*Stored data*.
%%

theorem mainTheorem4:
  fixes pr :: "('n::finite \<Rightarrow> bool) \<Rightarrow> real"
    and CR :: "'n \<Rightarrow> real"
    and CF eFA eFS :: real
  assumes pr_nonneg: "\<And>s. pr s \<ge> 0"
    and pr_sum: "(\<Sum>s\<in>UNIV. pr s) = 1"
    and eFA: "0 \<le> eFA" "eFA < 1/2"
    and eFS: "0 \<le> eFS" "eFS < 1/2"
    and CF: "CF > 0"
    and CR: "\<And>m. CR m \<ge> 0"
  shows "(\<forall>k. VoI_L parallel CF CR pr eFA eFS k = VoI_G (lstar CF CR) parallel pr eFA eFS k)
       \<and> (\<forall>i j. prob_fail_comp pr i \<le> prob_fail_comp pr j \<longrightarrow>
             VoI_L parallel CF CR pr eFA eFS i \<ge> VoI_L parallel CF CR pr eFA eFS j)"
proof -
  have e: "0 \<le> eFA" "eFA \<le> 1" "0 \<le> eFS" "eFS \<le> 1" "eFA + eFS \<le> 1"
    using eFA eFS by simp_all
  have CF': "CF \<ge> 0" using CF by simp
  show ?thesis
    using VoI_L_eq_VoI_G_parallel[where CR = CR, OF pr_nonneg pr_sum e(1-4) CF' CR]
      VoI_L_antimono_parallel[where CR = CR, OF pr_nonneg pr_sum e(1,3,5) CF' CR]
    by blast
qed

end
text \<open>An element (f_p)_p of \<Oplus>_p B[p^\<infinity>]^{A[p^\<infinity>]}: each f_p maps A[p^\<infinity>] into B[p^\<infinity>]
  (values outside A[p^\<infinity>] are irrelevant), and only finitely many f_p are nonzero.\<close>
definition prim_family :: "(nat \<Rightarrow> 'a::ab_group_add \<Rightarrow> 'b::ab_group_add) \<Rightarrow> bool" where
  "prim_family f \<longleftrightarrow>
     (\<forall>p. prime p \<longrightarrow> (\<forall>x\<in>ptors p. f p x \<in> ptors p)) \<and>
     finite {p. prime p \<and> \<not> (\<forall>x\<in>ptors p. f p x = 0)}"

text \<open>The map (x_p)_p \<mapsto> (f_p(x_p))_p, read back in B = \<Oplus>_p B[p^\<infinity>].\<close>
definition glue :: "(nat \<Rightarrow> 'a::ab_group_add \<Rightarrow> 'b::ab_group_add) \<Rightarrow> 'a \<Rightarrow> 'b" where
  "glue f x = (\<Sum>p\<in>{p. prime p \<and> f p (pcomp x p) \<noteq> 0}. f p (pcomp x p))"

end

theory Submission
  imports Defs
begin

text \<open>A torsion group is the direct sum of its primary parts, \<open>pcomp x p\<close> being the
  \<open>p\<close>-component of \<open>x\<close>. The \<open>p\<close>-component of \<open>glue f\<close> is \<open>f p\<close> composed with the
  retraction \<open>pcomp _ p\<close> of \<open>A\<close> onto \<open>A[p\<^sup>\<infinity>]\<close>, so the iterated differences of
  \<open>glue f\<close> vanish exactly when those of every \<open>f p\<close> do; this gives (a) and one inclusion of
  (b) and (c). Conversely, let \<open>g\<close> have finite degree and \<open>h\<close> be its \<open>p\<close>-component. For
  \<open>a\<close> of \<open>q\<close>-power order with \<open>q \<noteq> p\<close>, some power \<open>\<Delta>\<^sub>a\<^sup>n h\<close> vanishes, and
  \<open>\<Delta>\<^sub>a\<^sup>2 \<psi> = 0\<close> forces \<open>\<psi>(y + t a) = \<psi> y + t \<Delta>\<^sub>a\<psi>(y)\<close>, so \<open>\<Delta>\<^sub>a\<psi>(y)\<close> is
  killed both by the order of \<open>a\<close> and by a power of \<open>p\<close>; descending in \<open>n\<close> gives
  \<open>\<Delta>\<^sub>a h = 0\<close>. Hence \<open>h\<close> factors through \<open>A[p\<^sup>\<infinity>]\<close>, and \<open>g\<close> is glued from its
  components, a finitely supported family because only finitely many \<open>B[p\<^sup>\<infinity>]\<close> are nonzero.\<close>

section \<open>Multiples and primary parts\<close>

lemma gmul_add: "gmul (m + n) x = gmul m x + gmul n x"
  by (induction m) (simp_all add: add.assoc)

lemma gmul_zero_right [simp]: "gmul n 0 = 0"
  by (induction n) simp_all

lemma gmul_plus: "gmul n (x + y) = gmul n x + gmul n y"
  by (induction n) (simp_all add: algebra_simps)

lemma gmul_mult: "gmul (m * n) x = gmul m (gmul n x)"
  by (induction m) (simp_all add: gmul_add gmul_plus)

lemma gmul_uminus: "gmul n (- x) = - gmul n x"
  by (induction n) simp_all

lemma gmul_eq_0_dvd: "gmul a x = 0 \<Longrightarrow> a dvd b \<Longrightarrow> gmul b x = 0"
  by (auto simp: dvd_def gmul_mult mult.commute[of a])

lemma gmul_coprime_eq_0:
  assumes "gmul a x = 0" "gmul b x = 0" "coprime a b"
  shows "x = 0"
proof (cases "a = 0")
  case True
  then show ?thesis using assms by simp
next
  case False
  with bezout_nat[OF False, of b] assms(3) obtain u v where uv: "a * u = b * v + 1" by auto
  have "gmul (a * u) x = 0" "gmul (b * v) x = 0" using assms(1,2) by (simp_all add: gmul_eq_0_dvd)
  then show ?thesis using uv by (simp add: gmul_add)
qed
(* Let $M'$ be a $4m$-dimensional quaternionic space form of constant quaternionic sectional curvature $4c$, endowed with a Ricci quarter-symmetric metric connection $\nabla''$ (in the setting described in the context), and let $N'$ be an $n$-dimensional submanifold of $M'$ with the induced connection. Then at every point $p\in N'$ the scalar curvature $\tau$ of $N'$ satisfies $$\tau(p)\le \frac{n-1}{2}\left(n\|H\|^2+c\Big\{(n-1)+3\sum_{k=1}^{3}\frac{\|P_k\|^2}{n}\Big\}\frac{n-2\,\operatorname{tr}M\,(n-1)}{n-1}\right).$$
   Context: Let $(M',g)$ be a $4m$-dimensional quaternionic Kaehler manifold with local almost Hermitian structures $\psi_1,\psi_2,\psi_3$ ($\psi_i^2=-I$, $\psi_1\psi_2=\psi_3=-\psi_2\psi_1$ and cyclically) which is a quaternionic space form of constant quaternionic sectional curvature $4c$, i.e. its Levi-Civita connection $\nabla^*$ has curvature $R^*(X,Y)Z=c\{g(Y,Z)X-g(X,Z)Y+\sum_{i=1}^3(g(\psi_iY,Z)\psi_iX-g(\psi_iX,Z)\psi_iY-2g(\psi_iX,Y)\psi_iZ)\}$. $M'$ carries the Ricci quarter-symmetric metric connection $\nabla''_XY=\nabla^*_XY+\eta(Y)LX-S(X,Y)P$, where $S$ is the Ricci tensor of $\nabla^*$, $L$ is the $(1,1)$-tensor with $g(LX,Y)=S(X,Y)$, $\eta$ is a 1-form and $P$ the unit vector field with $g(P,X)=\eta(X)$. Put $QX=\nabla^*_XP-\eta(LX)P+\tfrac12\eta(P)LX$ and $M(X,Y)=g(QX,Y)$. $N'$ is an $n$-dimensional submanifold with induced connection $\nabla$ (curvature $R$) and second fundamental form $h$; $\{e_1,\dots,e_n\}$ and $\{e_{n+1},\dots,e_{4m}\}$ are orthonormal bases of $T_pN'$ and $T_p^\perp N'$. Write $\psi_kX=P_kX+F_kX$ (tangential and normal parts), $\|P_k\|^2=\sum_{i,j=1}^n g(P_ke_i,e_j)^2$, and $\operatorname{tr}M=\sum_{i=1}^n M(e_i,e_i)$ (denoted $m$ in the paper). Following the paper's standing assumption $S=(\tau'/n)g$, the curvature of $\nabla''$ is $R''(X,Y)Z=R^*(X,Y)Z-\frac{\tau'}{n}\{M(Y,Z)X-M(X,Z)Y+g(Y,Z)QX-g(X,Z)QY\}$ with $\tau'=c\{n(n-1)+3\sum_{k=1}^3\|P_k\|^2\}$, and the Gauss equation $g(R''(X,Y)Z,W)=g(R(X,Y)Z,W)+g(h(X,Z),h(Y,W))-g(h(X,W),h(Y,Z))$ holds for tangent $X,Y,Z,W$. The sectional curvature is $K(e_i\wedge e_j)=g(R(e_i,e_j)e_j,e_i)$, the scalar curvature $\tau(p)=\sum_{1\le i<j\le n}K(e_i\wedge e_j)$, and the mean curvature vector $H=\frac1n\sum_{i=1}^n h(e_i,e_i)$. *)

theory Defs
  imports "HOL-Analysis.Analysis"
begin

%%
%%

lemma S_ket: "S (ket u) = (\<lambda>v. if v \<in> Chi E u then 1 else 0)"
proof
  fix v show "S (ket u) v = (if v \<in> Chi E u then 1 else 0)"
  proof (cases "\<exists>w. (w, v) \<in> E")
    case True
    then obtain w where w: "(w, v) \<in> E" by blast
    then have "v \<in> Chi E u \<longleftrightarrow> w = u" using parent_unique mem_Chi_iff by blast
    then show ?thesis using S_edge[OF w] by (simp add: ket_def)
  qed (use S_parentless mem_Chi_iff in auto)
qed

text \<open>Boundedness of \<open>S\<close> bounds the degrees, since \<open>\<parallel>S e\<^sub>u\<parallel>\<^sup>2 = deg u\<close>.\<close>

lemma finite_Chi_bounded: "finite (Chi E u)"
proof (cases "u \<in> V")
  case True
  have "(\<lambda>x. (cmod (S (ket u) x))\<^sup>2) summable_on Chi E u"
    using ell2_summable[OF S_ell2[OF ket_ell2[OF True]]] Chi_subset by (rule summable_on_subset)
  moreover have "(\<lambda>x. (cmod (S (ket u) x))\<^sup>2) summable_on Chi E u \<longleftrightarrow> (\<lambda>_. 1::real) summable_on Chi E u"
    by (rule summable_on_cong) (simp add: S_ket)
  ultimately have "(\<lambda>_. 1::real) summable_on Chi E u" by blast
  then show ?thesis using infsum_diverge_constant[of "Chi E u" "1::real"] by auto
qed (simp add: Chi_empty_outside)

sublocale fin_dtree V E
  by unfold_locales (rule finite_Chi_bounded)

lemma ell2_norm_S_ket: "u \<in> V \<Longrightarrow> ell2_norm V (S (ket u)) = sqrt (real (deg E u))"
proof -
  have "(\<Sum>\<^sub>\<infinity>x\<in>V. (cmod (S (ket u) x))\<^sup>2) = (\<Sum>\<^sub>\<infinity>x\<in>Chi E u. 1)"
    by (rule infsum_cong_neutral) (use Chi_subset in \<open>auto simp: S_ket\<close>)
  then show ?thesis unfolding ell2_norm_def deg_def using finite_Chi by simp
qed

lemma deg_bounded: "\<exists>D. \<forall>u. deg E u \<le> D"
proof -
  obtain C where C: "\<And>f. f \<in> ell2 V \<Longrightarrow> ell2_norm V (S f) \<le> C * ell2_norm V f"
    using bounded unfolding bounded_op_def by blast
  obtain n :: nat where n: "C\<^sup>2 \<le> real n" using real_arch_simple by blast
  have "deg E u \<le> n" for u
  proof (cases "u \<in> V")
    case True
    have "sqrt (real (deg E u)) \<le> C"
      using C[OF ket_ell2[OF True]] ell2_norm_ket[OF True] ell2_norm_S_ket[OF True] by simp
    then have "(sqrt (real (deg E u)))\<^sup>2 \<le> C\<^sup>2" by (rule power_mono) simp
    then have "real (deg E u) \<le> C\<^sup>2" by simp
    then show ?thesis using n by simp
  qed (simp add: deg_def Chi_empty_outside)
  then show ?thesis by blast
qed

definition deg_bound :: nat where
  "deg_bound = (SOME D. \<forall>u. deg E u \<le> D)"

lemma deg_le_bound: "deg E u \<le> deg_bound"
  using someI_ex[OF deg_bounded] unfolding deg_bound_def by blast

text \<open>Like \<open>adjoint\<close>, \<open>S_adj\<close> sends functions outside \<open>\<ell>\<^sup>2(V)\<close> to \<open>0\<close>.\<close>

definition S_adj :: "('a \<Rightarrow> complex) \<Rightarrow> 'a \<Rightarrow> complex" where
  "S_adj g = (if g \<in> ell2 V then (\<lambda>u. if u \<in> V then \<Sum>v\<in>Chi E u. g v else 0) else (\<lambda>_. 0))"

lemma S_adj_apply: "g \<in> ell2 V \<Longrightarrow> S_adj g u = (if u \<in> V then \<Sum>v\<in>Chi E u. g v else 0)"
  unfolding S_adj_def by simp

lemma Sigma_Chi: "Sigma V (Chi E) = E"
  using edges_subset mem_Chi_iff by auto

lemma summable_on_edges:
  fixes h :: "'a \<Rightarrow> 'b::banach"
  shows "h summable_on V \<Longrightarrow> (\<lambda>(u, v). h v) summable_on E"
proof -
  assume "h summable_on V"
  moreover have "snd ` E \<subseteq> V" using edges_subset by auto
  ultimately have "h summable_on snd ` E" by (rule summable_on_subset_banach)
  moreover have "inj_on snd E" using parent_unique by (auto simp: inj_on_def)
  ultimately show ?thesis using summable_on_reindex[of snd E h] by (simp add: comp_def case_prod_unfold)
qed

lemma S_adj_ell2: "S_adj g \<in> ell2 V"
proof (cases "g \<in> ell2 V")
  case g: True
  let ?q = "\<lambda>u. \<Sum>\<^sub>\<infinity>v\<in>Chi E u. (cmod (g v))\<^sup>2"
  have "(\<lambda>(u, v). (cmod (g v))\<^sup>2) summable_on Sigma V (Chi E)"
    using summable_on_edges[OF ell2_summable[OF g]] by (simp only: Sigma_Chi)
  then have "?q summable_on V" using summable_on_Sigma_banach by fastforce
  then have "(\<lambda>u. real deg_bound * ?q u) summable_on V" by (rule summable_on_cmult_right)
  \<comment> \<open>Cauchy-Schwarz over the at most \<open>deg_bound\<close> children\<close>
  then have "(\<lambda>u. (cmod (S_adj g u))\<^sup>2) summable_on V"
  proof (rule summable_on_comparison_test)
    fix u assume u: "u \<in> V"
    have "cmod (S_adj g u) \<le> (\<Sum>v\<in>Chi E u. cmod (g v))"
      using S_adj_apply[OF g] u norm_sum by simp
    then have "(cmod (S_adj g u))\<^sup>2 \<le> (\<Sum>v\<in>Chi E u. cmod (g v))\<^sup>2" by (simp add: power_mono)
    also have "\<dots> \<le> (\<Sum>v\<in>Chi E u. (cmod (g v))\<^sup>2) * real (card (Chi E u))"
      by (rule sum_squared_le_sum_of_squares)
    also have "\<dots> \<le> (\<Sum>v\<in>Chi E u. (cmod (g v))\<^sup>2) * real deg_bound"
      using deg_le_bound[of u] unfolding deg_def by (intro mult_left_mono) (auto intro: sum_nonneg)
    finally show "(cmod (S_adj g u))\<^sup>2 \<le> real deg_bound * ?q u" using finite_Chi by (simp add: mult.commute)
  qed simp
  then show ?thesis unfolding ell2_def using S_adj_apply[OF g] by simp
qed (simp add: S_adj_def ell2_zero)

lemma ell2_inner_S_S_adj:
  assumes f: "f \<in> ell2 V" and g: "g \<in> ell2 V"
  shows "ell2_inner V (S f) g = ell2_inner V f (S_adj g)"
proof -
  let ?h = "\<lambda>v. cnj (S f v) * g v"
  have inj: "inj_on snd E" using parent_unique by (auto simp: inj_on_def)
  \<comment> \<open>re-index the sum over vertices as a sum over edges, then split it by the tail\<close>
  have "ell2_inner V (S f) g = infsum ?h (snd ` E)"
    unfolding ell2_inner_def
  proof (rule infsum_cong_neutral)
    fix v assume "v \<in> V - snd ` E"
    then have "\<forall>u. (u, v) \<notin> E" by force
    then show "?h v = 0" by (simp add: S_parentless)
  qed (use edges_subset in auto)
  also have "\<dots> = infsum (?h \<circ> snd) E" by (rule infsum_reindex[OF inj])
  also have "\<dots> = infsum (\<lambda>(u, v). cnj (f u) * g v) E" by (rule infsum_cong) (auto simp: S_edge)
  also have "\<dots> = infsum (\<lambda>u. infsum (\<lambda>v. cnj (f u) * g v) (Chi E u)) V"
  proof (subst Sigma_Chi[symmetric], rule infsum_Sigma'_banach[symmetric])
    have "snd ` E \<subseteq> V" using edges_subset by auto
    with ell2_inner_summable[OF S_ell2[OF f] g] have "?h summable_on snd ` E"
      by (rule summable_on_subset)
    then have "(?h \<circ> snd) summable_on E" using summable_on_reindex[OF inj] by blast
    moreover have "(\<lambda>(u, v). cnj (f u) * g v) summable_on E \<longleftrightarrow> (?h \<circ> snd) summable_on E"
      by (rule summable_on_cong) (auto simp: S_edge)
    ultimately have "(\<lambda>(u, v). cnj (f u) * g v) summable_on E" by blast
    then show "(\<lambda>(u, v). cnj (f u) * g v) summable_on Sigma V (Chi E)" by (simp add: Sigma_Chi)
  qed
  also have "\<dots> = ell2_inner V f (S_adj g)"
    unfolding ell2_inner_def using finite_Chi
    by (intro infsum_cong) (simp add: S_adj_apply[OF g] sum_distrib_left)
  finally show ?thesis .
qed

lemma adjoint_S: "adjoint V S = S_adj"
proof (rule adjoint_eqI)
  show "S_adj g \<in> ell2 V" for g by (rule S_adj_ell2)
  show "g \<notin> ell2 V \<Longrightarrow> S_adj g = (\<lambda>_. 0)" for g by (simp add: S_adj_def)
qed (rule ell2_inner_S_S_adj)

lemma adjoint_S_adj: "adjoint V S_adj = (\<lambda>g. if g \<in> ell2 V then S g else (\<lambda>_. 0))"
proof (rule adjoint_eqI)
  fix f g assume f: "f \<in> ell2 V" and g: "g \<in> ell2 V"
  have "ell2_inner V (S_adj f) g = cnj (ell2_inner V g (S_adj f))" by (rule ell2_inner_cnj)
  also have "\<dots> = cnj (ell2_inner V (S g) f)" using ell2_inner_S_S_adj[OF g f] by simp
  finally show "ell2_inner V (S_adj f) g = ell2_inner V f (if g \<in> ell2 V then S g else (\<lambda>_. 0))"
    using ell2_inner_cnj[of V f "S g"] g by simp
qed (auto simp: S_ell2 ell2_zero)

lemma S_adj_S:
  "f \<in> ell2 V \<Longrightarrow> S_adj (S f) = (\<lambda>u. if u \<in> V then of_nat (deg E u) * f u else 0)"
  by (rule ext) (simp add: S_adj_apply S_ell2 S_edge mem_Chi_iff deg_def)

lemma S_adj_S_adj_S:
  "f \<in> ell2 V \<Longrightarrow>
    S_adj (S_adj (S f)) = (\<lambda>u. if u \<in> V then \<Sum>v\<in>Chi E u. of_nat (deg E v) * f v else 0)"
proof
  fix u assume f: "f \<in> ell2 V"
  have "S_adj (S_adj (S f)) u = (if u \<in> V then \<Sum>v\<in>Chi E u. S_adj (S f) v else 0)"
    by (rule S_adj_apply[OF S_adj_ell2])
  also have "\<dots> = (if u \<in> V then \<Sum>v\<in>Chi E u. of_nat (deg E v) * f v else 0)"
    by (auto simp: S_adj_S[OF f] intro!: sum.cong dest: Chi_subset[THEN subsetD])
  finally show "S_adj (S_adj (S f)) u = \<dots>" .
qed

%%

Above are the entries; copy out every line among them that contains the word "circ".

  also have "\<dots> = infsum (?h \<circ> snd) E" by (rule infsum_reindex[OF inj])
    then have "(?h \<circ> snd) summable_on E" using summable_on_reindex[OF inj] by blast
    moreover have "(\<lambda>(u, v). cnj (f u) * g v) summable_on E \<longleftrightarrow> (?h \<circ> snd) summable_on E"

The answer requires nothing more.